Collected data:

(* Let $a,b,c$ be non-constant polynomials in $\mathbb{F}_2[t]$ and let $\boldsymbol{\varepsilon}=a,(b,c)^\infty$, i.e. $\varepsilon_0=a$, $\varepsilon_{2m+1}=b$, $\varepsilon_{2m+2}=c$ for $m\geq 0$. Let $\beta=1/CF(\mathbf{s}(\boldsymbol{\varepsilon}))$. Then $$\beta^4=\frac{bc(b+c)}{a}+\frac{c^2}{a^2}+bc(b+c)\,\beta+bc\,\beta^2.$$
   Context: Given a sequence $\boldsymbol{\varepsilon}=(\varepsilon_n)_{n\geq 0}$, define words $W_0=$ empty word and $W_{n+1}=W_n\,\varepsilon_n\,W_n$ (concatenation) for $n\geq 0$; $\mathbf{s}(\boldsymbol{\varepsilon})=(s_i)_{i\geq 0}$ is the infinite word beginning with every $W_n$, i.e. $\varepsilon_0\varepsilon_1\varepsilon_0\varepsilon_2\varepsilon_0\varepsilon_1\varepsilon_0\varepsilon_3\cdots$. $CF(\mathbf{s}(\boldsymbol{\varepsilon}))=[s_0,s_1,\dots]=s_0+1/(s_1+1/(s_2+\cdots))$ is the infinite continued fraction in $\mathbb{F}_2((1/t))$ with these partial quotients. *)

theory Defs
  imports "HOL-Computational_Algebra.Computational_Algebra" "HOL-Library.Z2"
begin

(* Laurent series field F_2((1/t)): elements of type "bit fls", where the formal
   variable X of fls plays the role of 1/t, so t = fls_X_inv. *)

definition tvar :: "bit fls" where
  "tvar = fls_X_inv"

definition emb :: "bit poly \<Rightarrow> bit fls" where
  "emb p = poly (map_poly fls_const p) tvar"

fun W :: "(nat \<Rightarrow> 'a) \<Rightarrow> nat \<Rightarrow> 'a list" where
  "W eps 0 = []"
| "W eps (Suc n) = W eps n @ [eps n] @ W eps n"

(* the infinite word s(eps) beginning with every W_n (length W_n = 2^n - 1) *)
definition sword :: "(nat \<Rightarrow> 'a) \<Rightarrow> nat \<Rightarrow> 'a" where
  "sword eps i = W eps (Suc i) ! i"

fun cf_fin :: "'a::field list \<Rightarrow> 'a" where
  "cf_fin [] = 0"
| "cf_fin [x] = x"
| "cf_fin (x # y # ys) = x + inverse (cf_fin (y # ys))"

definition convergent_cf :: "(nat \<Rightarrow> bit fls) \<Rightarrow> nat \<Rightarrow> bit fls" where
  "convergent_cf s n = cf_fin (map s [0..<Suc n])"

(* infinite continued fraction: limit of convergents in the (1/t)-adic topology *)
definition CF :: "(nat \<Rightarrow> bit fls) \<Rightarrow> bit fls" where
  "CF s = lim (convergent_cf s)"

end

theory Submission
  imports Defs
begin

text \<open>
  Partial quotients of positive degree in \<open>t\<close> make the convergents converge \<open>1/t\<close>-adically,
  the \<open>m\<close>-th one agreeing with the limit below order \<open>2m + 1\<close>. Since \<open>W(n+1) = W(n) \<epsilon>(n) W(n)\<close>,
  the matrix of \<open>W(n)\<close> is symmetric, \<open>(p(n), q(n); q(n), r(n))\<close> with \<open>p(n+1) = \<epsilon>(n) p(n)\<^sup>2\<close>,
  and \<open>\<beta>\<close> is approximated by \<open>q(n)/p(n) = 1/p(1) + ... + 1/p(n)\<close>. In characteristic 2 squaring
  is additive, so for \<open>\<epsilon> = a,(b,c)\<^sup>\<infinity>\<close> the sums \<open>O\<close> and \<open>E\<close> of the odd- and even-indexed terms
  satisfy \<open>b E = O\<^sup>2\<close> and \<open>O \<approx> 1/a + E\<^sup>2/c\<close>. Eliminating them gives the quartic for \<open>\<beta>\<close> up to
  an error that vanishes in the limit.
\<close>

unbundle fps_syntax

definition vanishes_below :: "int \<Rightarrow> 'a::field fls \<Rightarrow> bool" where
  "vanishes_below K x \<longleftrightarrow> (\<forall>j<K. x $$ j = 0)"

lemma vanishes_below_iff: "vanishes_below K x \<longleftrightarrow> x = 0 \<or> K \<le> fls_subdegree x"
  unfolding vanishes_below_def
  by (metis fls_eq0_below_subdegree fls_nonzeroI nth_fls_subdegree_nonzero order.strict_trans2 not_le)

lemma vanishes_below_zero [simp]: "vanishes_below K 0"
  by (simp add: vanishes_below_def)

lemma vanishes_below_add: "vanishes_below K x \<Longrightarrow> vanishes_below K y \<Longrightarrow> vanishes_below K (x + y)"
  by (simp add: vanishes_below_def)

lemma vanishes_below_diff: "vanishes_below K x \<Longrightarrow> vanishes_below K y \<Longrightarrow> vanishes_below K (x - y)"
  by (simp add: vanishes_below_def)

lemma vanishes_below_minus_commute: "vanishes_below K (x - y) \<longleftrightarrow> vanishes_below K (y - x)"
  by (auto simp: vanishes_below_def)

lemma vanishes_below_mono: "K' \<le> K \<Longrightarrow> vanishes_below K x \<Longrightarrow> vanishes_below K' x"
  by (simp add: vanishes_below_def)

lemma vanishes_below_subdegree: "vanishes_below (fls_subdegree x) x"
  by (simp add: vanishes_below_def)

lemma vanishes_below_mult:
  "vanishes_below K x \<Longrightarrow> vanishes_below L y \<Longrightarrow> vanishes_below (K + L) (x * y)"
  unfolding vanishes_below_iff by (cases "x = 0"; cases "y = 0") auto

lemma vanishes_below_inverse: "vanishes_below (- fls_subdegree x) (inverse x)"
  by (metis fls_inverse_subdegree vanishes_below_subdegree)

lemma vanishes_below_diff_nth: "vanishes_below K (x - y) \<Longrightarrow> j < K \<Longrightarrow> x $$ j = y $$ j"
  by (simp add: vanishes_below_def)

lemma vanishes_below_power:
  assumes "vanishes_below K x"
  shows "vanishes_below (int n * K) (x ^ n)"
proof (induction n)
  case (Suc n)
  from vanishes_below_mult[OF assms Suc.IH] show ?case by (simp add: algebra_simps)
qed (simp add: vanishes_below_def)

lemma zero_if_vanishes_below_all: "(\<And>K. vanishes_below K x) \<Longrightarrow> x = 0"
  using vanishes_below_iff[of "fls_subdegree x + 1" x] by auto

= Required work =
All lines in the records that contain "where" are to be copied and returned.

= The completed task =
(* Laurent series field F_2((1/t)): elements of type "bit fls", where the formal
definition tvar :: "bit fls" where
definition emb :: "bit poly \<Rightarrow> bit fls" where
fun W :: "(nat \<Rightarrow> 'a) \<Rightarrow> nat \<Rightarrow> 'a list" where
definition sword :: "(nat \<Rightarrow> 'a) \<Rightarrow> nat \<Rightarrow> 'a" where
fun cf_fin :: "'a::field list \<Rightarrow> 'a" where
definition convergent_cf :: "(nat \<Rightarrow> bit fls) \<Rightarrow> nat \<Rightarrow> bit fls" where
definition CF :: "(nat \<Rightarrow> bit fls) \<Rightarrow> bit fls" where
definition vanishes_below :: "int \<Rightarrow> 'a::field fls \<Rightarrow> bool" where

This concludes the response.